Print the listing below from its opening line through the line holding "g = (\<lambda>m.", both ends included.

Given records -
#####

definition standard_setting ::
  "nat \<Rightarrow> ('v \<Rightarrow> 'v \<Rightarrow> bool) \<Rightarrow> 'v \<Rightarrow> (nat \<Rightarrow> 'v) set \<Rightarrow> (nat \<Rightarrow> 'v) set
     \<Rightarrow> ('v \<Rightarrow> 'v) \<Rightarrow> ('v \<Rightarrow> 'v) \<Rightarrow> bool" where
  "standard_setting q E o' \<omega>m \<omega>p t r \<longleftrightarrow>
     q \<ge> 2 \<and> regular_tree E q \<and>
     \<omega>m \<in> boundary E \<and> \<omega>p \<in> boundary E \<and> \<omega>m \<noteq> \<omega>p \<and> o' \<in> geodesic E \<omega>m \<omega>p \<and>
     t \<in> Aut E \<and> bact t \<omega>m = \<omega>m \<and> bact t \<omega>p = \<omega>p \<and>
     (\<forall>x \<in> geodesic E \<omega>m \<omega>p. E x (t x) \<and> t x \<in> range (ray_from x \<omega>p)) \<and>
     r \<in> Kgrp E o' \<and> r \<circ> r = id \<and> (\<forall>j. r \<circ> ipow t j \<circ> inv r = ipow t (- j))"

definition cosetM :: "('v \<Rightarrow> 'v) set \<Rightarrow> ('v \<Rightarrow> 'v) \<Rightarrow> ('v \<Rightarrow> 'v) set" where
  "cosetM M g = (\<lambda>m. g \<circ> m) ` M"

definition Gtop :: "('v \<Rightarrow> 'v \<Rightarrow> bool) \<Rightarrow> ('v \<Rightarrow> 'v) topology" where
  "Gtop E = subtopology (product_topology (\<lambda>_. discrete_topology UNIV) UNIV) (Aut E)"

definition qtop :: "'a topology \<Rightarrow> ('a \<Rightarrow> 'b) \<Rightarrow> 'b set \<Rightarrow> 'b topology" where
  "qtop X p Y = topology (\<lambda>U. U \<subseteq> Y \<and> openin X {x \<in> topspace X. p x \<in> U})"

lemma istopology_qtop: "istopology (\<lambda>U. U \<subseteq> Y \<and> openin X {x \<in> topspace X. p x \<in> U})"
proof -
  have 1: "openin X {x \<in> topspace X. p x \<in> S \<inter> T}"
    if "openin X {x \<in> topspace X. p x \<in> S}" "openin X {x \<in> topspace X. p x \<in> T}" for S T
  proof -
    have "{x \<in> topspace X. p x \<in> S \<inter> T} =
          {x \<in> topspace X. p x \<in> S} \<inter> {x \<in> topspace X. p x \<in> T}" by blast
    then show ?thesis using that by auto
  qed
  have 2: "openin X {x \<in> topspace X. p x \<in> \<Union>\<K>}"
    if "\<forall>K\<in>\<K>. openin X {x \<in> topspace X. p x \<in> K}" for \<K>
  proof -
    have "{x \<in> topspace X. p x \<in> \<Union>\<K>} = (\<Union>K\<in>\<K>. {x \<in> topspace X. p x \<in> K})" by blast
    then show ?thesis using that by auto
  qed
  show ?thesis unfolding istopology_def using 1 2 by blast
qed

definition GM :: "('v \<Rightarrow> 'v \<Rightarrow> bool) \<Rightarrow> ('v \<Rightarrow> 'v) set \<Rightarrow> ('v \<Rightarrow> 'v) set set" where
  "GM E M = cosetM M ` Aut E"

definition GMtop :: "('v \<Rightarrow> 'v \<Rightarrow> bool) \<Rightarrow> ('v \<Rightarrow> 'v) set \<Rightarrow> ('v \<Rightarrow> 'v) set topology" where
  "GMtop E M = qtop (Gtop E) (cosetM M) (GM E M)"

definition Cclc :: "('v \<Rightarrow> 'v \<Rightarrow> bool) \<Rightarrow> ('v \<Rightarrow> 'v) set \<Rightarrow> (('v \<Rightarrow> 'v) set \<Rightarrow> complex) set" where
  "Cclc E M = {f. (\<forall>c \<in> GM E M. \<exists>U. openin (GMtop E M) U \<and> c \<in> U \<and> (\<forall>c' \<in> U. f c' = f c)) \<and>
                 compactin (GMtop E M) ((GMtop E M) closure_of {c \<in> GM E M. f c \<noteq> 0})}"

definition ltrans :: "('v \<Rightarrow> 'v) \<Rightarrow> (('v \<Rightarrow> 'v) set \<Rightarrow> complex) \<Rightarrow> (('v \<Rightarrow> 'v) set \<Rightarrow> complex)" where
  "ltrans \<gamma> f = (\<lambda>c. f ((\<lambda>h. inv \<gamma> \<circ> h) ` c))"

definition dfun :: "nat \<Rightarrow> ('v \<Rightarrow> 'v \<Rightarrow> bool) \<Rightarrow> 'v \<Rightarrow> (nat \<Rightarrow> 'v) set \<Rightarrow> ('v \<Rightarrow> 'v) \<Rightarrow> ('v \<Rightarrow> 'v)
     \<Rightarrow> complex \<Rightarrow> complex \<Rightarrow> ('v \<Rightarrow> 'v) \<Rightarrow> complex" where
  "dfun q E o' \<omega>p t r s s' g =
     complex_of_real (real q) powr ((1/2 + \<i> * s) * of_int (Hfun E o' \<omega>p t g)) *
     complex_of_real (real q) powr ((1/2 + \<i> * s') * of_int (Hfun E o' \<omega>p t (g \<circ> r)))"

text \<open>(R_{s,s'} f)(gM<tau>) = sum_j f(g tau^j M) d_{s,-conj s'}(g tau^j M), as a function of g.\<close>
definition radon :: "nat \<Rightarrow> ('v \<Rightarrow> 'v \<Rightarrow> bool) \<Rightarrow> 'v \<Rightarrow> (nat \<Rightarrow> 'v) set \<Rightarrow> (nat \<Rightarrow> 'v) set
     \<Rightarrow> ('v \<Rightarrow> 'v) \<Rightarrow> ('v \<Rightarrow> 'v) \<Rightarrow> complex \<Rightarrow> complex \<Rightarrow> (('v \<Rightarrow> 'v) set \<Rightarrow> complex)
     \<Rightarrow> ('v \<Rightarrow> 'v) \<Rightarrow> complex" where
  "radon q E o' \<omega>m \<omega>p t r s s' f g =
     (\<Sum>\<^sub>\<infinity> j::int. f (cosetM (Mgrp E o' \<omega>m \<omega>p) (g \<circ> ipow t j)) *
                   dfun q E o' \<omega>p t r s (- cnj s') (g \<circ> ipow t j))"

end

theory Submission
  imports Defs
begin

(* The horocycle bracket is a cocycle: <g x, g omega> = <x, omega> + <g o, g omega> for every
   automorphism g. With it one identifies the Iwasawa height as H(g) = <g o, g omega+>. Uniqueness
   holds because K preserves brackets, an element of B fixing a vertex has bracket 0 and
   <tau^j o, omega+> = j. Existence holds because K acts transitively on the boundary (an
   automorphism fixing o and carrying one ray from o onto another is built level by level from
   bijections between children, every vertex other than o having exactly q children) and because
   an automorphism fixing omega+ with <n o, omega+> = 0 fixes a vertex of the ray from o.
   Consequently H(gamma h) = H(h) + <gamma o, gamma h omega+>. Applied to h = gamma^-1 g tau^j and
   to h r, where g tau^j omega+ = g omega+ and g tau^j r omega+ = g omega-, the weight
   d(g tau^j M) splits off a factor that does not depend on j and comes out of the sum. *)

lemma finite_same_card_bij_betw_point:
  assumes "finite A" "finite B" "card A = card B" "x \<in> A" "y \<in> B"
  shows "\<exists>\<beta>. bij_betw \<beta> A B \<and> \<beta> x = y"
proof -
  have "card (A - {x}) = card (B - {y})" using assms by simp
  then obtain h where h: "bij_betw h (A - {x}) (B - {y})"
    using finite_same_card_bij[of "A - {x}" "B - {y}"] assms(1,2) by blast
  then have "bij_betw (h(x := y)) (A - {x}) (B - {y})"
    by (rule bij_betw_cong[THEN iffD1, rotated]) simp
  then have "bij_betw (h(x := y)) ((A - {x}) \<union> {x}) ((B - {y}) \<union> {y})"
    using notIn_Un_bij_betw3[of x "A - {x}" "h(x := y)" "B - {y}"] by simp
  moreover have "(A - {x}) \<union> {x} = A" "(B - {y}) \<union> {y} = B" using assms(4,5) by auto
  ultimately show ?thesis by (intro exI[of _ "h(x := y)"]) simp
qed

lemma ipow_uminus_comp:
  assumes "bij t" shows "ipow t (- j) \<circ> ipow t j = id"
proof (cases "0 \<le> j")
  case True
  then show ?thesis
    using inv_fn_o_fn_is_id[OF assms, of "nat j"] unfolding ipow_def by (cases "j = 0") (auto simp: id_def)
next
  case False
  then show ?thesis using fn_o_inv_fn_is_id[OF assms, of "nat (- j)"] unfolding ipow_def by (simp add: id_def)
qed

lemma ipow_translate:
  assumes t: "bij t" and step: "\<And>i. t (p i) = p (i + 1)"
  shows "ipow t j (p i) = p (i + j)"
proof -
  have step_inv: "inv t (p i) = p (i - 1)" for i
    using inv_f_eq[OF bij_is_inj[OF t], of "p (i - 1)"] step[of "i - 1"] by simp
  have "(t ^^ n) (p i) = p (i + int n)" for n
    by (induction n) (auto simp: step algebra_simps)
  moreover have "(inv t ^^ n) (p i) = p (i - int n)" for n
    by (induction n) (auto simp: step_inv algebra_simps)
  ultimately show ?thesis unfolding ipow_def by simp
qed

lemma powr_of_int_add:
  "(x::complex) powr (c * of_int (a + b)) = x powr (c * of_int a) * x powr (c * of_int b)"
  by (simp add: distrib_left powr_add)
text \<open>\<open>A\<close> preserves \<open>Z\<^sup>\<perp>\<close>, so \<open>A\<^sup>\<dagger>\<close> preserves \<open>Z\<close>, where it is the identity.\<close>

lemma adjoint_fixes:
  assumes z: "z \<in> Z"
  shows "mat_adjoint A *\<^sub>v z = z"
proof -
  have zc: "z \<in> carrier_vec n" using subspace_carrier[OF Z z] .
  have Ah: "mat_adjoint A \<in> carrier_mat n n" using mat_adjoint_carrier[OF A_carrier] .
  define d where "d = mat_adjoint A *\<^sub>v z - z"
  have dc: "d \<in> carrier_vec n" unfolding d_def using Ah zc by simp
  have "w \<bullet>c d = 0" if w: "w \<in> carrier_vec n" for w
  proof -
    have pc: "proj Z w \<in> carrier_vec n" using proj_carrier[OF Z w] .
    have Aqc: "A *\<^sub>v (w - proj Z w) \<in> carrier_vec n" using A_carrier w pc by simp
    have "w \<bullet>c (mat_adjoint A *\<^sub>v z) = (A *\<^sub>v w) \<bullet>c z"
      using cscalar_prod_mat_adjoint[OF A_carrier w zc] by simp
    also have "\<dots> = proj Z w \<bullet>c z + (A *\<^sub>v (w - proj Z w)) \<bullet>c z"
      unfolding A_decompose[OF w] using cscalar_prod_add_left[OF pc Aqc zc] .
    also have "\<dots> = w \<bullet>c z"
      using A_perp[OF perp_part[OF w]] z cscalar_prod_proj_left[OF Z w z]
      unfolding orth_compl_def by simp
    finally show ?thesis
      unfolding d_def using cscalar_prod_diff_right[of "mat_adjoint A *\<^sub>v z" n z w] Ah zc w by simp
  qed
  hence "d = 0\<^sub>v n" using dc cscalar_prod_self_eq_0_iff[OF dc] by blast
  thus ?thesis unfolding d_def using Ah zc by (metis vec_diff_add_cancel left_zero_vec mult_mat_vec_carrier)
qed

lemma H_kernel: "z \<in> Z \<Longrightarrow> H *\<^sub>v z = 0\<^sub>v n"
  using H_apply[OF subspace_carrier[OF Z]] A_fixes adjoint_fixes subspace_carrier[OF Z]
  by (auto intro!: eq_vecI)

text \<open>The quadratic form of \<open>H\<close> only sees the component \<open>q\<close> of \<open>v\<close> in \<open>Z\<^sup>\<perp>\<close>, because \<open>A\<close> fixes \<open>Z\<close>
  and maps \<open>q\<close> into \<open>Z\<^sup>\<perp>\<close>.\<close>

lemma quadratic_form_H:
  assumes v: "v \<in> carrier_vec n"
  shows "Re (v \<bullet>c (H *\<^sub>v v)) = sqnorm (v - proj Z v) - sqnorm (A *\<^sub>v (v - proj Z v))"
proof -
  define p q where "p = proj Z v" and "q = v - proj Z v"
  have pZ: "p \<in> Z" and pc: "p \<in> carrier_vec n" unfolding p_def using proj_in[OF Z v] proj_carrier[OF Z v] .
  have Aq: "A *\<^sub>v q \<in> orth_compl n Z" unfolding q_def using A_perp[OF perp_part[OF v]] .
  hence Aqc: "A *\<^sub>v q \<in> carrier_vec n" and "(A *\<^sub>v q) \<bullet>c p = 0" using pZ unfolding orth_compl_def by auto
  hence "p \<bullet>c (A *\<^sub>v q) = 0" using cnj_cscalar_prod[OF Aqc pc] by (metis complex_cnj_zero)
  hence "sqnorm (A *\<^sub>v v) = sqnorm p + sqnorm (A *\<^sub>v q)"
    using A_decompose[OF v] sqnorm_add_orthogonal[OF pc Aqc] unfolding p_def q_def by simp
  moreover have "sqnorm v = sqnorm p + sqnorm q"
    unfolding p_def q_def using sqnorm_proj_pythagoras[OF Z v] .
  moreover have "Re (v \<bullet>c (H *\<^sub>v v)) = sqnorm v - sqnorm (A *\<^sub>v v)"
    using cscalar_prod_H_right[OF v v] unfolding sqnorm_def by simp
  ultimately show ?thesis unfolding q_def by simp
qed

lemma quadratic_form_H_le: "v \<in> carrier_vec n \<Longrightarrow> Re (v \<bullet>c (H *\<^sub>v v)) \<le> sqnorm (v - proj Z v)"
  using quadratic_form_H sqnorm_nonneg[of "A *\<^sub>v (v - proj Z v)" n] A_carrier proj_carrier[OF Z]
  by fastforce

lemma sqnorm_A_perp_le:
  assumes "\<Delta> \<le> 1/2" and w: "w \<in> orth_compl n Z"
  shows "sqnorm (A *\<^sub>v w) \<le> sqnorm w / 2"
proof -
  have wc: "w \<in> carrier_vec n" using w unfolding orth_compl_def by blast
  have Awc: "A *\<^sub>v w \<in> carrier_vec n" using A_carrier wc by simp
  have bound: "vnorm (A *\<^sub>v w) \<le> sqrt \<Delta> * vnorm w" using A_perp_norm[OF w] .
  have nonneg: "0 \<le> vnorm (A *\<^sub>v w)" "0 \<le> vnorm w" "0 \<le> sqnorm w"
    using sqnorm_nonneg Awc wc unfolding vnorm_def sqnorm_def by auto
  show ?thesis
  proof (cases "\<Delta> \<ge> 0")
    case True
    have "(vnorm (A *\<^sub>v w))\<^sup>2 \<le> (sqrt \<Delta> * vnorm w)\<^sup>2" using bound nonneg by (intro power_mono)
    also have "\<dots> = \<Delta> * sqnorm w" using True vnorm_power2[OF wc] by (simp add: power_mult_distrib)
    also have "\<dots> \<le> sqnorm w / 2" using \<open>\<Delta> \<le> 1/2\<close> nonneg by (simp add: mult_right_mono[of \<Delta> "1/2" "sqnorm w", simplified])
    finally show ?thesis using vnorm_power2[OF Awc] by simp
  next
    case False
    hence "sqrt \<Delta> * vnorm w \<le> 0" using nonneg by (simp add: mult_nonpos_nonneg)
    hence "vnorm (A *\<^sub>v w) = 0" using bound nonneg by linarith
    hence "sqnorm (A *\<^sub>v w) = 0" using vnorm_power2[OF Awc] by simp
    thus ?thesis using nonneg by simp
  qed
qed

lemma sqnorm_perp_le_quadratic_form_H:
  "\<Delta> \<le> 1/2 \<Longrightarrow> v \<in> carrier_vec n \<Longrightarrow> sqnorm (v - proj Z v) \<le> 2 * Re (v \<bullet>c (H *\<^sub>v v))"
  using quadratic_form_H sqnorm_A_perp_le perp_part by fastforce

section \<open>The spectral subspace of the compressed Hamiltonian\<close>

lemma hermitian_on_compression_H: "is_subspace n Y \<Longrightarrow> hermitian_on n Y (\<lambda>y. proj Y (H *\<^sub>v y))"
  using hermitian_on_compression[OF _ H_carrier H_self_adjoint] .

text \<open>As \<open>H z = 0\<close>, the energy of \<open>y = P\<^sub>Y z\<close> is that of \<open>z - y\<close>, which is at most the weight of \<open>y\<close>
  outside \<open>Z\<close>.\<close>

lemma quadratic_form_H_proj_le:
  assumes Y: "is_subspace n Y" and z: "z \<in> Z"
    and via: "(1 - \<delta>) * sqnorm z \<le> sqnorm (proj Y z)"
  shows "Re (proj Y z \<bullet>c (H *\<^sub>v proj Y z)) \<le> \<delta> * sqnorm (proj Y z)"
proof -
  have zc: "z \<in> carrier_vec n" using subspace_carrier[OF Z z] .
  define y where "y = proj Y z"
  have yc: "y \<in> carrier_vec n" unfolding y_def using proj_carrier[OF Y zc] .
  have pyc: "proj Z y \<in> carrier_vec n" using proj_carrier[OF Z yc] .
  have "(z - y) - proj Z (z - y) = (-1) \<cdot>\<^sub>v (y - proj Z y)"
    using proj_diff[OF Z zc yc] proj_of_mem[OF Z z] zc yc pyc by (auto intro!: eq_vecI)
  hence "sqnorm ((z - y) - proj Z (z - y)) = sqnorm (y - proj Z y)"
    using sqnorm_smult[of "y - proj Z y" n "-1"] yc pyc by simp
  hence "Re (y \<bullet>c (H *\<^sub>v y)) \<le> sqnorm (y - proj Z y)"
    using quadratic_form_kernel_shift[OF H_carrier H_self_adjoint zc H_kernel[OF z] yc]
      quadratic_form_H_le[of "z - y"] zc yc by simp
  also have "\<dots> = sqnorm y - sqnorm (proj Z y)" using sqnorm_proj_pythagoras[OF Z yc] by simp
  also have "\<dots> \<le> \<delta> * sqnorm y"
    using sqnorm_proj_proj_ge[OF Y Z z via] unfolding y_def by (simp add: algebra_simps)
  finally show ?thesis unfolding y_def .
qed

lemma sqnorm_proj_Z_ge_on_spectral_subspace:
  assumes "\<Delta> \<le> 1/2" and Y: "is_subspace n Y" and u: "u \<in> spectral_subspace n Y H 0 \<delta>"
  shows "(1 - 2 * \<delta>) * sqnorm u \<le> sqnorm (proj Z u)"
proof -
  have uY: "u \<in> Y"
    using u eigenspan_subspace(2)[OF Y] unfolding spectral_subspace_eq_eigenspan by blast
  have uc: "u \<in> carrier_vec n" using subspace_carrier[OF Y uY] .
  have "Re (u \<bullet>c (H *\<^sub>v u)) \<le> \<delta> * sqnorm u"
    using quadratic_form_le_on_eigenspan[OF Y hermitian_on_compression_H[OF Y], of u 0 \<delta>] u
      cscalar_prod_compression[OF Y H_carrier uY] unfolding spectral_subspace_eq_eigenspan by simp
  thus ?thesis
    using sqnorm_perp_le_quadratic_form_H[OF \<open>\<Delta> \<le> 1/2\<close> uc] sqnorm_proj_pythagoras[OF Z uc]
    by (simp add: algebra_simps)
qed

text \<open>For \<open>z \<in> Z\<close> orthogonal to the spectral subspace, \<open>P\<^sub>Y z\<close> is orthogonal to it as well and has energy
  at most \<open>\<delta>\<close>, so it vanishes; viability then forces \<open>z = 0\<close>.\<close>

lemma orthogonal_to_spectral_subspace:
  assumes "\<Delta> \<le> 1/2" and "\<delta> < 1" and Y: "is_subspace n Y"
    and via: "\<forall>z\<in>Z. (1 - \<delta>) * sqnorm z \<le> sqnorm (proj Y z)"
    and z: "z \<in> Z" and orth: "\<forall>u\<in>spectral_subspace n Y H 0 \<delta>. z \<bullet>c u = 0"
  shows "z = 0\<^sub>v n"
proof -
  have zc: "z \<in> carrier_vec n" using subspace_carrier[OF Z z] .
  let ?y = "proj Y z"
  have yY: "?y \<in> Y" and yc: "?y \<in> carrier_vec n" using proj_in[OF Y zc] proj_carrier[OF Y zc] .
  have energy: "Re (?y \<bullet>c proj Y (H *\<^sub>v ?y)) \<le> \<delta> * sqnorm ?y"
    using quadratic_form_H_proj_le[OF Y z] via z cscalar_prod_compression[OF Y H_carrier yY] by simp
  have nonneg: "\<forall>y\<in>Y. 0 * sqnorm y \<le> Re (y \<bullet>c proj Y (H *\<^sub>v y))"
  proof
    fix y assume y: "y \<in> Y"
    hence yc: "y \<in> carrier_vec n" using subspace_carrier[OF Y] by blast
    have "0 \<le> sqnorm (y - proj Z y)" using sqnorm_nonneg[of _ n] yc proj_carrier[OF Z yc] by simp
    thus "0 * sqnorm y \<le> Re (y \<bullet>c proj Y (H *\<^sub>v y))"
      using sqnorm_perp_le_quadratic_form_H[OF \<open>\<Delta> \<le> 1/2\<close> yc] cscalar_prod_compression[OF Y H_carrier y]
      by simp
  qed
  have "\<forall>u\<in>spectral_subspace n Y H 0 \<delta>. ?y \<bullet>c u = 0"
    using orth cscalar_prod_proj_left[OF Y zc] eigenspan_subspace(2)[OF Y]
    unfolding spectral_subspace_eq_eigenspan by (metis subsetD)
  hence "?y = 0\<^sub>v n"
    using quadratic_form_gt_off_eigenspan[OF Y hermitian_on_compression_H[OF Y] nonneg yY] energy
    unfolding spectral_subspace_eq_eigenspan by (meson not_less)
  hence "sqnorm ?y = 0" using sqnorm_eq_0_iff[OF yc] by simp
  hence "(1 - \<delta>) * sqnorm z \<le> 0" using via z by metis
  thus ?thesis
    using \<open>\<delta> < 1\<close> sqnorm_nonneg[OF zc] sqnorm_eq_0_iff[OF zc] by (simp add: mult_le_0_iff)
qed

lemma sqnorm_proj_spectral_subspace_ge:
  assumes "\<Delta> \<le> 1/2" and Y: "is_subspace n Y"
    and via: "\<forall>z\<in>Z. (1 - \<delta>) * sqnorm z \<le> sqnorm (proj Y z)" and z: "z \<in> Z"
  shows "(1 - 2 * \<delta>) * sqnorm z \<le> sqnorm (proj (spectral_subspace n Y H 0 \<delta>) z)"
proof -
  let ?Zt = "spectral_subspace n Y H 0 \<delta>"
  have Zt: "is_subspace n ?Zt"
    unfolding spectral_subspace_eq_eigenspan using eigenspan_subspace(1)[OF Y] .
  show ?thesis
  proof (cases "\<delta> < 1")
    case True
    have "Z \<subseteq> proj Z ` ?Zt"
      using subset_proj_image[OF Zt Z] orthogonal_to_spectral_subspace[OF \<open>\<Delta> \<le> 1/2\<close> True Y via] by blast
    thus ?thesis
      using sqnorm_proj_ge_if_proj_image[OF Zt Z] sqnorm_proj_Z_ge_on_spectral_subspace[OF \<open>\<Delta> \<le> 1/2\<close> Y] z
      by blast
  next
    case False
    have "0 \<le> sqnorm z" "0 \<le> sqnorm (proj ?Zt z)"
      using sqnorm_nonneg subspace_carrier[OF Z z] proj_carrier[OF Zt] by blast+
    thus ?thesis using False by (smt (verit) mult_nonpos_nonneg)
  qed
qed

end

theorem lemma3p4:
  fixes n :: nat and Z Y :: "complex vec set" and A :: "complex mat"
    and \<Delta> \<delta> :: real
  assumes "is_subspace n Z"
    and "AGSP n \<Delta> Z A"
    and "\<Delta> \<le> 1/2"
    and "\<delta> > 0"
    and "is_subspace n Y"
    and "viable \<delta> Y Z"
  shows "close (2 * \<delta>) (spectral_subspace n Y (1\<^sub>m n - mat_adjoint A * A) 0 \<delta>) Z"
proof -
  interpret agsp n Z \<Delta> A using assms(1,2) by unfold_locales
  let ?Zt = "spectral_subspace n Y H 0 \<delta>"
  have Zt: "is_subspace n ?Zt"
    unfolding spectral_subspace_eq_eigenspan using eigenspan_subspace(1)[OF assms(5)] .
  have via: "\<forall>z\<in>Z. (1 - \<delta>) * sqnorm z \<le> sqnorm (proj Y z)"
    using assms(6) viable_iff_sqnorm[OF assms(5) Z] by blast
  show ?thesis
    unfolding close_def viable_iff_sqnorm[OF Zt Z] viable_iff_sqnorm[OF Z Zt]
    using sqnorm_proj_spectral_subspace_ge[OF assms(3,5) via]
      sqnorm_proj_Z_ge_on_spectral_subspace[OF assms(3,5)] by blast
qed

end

#####

Expected output -
definition standard_setting ::
  "nat \<Rightarrow> ('v \<Rightarrow> 'v \<Rightarrow> bool) \<Rightarrow> 'v \<Rightarrow> (nat \<Rightarrow> 'v) set \<Rightarrow> (nat \<Rightarrow> 'v) set
     \<Rightarrow> ('v \<Rightarrow> 'v) \<Rightarrow> ('v \<Rightarrow> 'v) \<Rightarrow> bool" where
  "standard_setting q E o' \<omega>m \<omega>p t r \<longleftrightarrow>
     q \<ge> 2 \<and> regular_tree E q \<and>
     \<omega>m \<in> boundary E \<and> \<omega>p \<in> boundary E \<and> \<omega>m \<noteq> \<omega>p \<and> o' \<in> geodesic E \<omega>m \<omega>p \<and>
     t \<in> Aut E \<and> bact t \<omega>m = \<omega>m \<and> bact t \<omega>p = \<omega>p \<and>
     (\<forall>x \<in> geodesic E \<omega>m \<omega>p. E x (t x) \<and> t x \<in> range (ray_from x \<omega>p)) \<and>
     r \<in> Kgrp E o' \<and> r \<circ> r = id \<and> (\<forall>j. r \<circ> ipow t j \<circ> inv r = ipow t (- j))"

definition cosetM :: "('v \<Rightarrow> 'v) set \<Rightarrow> ('v \<Rightarrow> 'v) \<Rightarrow> ('v \<Rightarrow> 'v) set" where
  "cosetM M g = (\<lambda>m. g \<circ> m) ` M"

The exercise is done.